**EXERCISE REQUIREMENTS**
Write down every entry below once more, exactly.
------ RECORDED INFORMATION ------
(* Let $G=(V,E)$ be a naturally ordered DAG. The saturation ideal $I_G:S_G\subseteq\mathbb R[\Sigma]$ is prime.
   Context: $\mathbb R[\Sigma]$ is the polynomial ring in symmetric variables $\sigma_{ij}=\sigma_{ji}$, $i,j\in V=[p]$; $ij\in E\Rightarrow i<j$. $I_G$ is the ideal generated by $|\Sigma_{ij|\mathrm{pa}(j)}|$ for $i<j$ with $ij\notin E$, where $\Sigma_{ij|K}$ has rows $(i,K)$ and columns $(j,K)$. $S_G=\{\prod_{i\in V}|\Sigma_{\mathrm{pa}(i)}|^{k_i}:k_i\in\mathbb N\}$ and $I:S=\{f:fs\in I\text{ for some }s\in S\}$. *)

theory Defs
  imports "HOL-Library.Poly_Mapping" "Jordan_Normal_Form.Determinant"
begin

text \<open>Polynomials with real coefficients in variables indexed by pairs of naturals:
  a polynomial is a finitely supported map from monomials (finitely supported exponent
  vectors) to coefficients.\<close>
type_synonym rpoly = "((nat \<times> nat) \<Rightarrow>\<^sub>0 nat) \<Rightarrow>\<^sub>0 real"

text \<open>The symmetric variable sigma_ij = sigma_ji, represented by the variable (min i j, max i j).\<close>
definition sigma :: "nat \<Rightarrow> nat \<Rightarrow> rpoly" where
  "sigma i j = Poly_Mapping.single (Poly_Mapping.single (min i j, max i j) 1) 1"

definition RSigma :: "nat \<Rightarrow> rpoly set" where
  "RSigma p = {f. \<forall>m \<in> Poly_Mapping.keys f.
      Poly_Mapping.keys m \<subseteq> {(i, j). 1 \<le> i \<and> i \<le> j \<and> j \<le> p}}"

definition subdet :: "nat list \<Rightarrow> nat list \<Rightarrow> rpoly" where
  "subdet rs cs = det (mat (length rs) (length cs) (\<lambda>(r, c). sigma (rs ! r) (cs ! c)))"

definition pa :: "(nat \<times> nat) set \<Rightarrow> nat \<Rightarrow> nat set" where
  "pa E j = {i. (i, j) \<in> E}"

definition cond_det :: "nat \<Rightarrow> nat \<Rightarrow> nat set \<Rightarrow> rpoly" where
  "cond_det i j K = subdet (i # sorted_list_of_set K) (j # sorted_list_of_set K)"

text \<open>|Sigma_K| (principal minor; equals 1 for K empty).\<close>
definition princ_det :: "nat set \<Rightarrow> rpoly" where
  "princ_det K = subdet (sorted_list_of_set K) (sorted_list_of_set K)"

definition nat_ordered_dag :: "nat \<Rightarrow> (nat \<times> nat) set \<Rightarrow> bool" where
  "nat_ordered_dag p E \<longleftrightarrow> E \<subseteq> {(i, j). 1 \<le> i \<and> i < j \<and> j \<le> p}"

definition is_ideal :: "'a::comm_ring_1 set \<Rightarrow> 'a set \<Rightarrow> bool" where
  "is_ideal R I \<longleftrightarrow> I \<subseteq> R \<and> 0 \<in> I \<and> (\<forall>x\<in>I. \<forall>y\<in>I. x + y \<in> I)
      \<and> (\<forall>r\<in>R. \<forall>x\<in>I. r * x \<in> I)"

definition ideal_gen :: "'a::comm_ring_1 set \<Rightarrow> 'a set \<Rightarrow> 'a set" where
  "ideal_gen R X = \<Inter> {I. is_ideal R I \<and> X \<subseteq> I}"

definition is_prime_ideal :: "'a::comm_ring_1 set \<Rightarrow> 'a set \<Rightarrow> bool" where
  "is_prime_ideal R I \<longleftrightarrow> is_ideal R I \<and> I \<noteq> R
      \<and> (\<forall>a\<in>R. \<forall>b\<in>R. a * b \<in> I \<longrightarrow> a \<in> I \<or> b \<in> I)"

definition saturation :: "'a::comm_ring_1 set \<Rightarrow> 'a set \<Rightarrow> 'a set \<Rightarrow> 'a set" where
  "saturation R I S = {f \<in> R. \<exists>s\<in>S. f * s \<in> I}"

definition I_G :: "nat \<Rightarrow> (nat \<times> nat) set \<Rightarrow> rpoly set" where
  "I_G p E = ideal_gen (RSigma p)
     {cond_det i j (pa E j) | i j. 1 \<le> i \<and> i < j \<and> j \<le> p \<and> (i, j) \<notin> E}"

definition S_G :: "nat \<Rightarrow> (nat \<times> nat) set \<Rightarrow> rpoly set" where
  "S_G p E = {\<Prod>i\<in>{1..p}. princ_det (pa E i) ^ k i | k :: nat \<Rightarrow> nat. True}"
------
**EXERCISE ANSWER**
(* Let $G=(V,E)$ be a naturally ordered DAG. The saturation ideal $I_G:S_G\subseteq\mathbb R[\Sigma]$ is prime.
   Context: $\mathbb R[\Sigma]$ is the polynomial ring in symmetric variables $\sigma_{ij}=\sigma_{ji}$, $i,j\in V=[p]$; $ij\in E\Rightarrow i<j$. $I_G$ is the ideal generated by $|\Sigma_{ij|\mathrm{pa}(j)}|$ for $i<j$ with $ij\notin E$, where $\Sigma_{ij|K}$ has rows $(i,K)$ and columns $(j,K)$. $S_G=\{\prod_{i\in V}|\Sigma_{\mathrm{pa}(i)}|^{k_i}:k_i\in\mathbb N\}$ and $I:S=\{f:fs\in I\text{ for some }s\in S\}$. *)

theory Defs
  imports "HOL-Library.Poly_Mapping" "Jordan_Normal_Form.Determinant"
begin

text \<open>Polynomials with real coefficients in variables indexed by pairs of naturals:
  a polynomial is a finitely supported map from monomials (finitely supported exponent
  vectors) to coefficients.\<close>
type_synonym rpoly = "((nat \<times> nat) \<Rightarrow>\<^sub>0 nat) \<Rightarrow>\<^sub>0 real"

text \<open>The symmetric variable sigma_ij = sigma_ji, represented by the variable (min i j, max i j).\<close>
definition sigma :: "nat \<Rightarrow> nat \<Rightarrow> rpoly" where
  "sigma i j = Poly_Mapping.single (Poly_Mapping.single (min i j, max i j) 1) 1"

definition RSigma :: "nat \<Rightarrow> rpoly set" where
  "RSigma p = {f. \<forall>m \<in> Poly_Mapping.keys f.
      Poly_Mapping.keys m \<subseteq> {(i, j). 1 \<le> i \<and> i \<le> j \<and> j \<le> p}}"

definition subdet :: "nat list \<Rightarrow> nat list \<Rightarrow> rpoly" where
  "subdet rs cs = det (mat (length rs) (length cs) (\<lambda>(r, c). sigma (rs ! r) (cs ! c)))"

definition pa :: "(nat \<times> nat) set \<Rightarrow> nat \<Rightarrow> nat set" where
  "pa E j = {i. (i, j) \<in> E}"

definition cond_det :: "nat \<Rightarrow> nat \<Rightarrow> nat set \<Rightarrow> rpoly" where
  "cond_det i j K = subdet (i # sorted_list_of_set K) (j # sorted_list_of_set K)"

text \<open>|Sigma_K| (principal minor; equals 1 for K empty).\<close>
definition princ_det :: "nat set \<Rightarrow> rpoly" where
  "princ_det K = subdet (sorted_list_of_set K) (sorted_list_of_set K)"

definition nat_ordered_dag :: "nat \<Rightarrow> (nat \<times> nat) set \<Rightarrow> bool" where
  "nat_ordered_dag p E \<longleftrightarrow> E \<subseteq> {(i, j). 1 \<le> i \<and> i < j \<and> j \<le> p}"

definition is_ideal :: "'a::comm_ring_1 set \<Rightarrow> 'a set \<Rightarrow> bool" where
  "is_ideal R I \<longleftrightarrow> I \<subseteq> R \<and> 0 \<in> I \<and> (\<forall>x\<in>I. \<forall>y\<in>I. x + y \<in> I)
      \<and> (\<forall>r\<in>R. \<forall>x\<in>I. r * x \<in> I)"

definition ideal_gen :: "'a::comm_ring_1 set \<Rightarrow> 'a set \<Rightarrow> 'a set" where
  "ideal_gen R X = \<Inter> {I. is_ideal R I \<and> X \<subseteq> I}"

definition is_prime_ideal :: "'a::comm_ring_1 set \<Rightarrow> 'a set \<Rightarrow> bool" where
  "is_prime_ideal R I \<longleftrightarrow> is_ideal R I \<and> I \<noteq> R
      \<and> (\<forall>a\<in>R. \<forall>b\<in>R. a * b \<in> I \<longrightarrow> a \<in> I \<or> b \<in> I)"

definition saturation :: "'a::comm_ring_1 set \<Rightarrow> 'a set \<Rightarrow> 'a set \<Rightarrow> 'a set" where
  "saturation R I S = {f \<in> R. \<exists>s\<in>S. f * s \<in> I}"

definition I_G :: "nat \<Rightarrow> (nat \<times> nat) set \<Rightarrow> rpoly set" where
  "I_G p E = ideal_gen (RSigma p)
     {cond_det i j (pa E j) | i j. 1 \<le> i \<and> i < j \<and> j \<le> p \<and> (i, j) \<notin> E}"

definition S_G :: "nat \<Rightarrow> (nat \<times> nat) set \<Rightarrow> rpoly set" where
  "S_G p E = {\<Prod>i\<in>{1..p}. princ_det (pa E i) ^ k i | k :: nat \<Rightarrow> nat. True}"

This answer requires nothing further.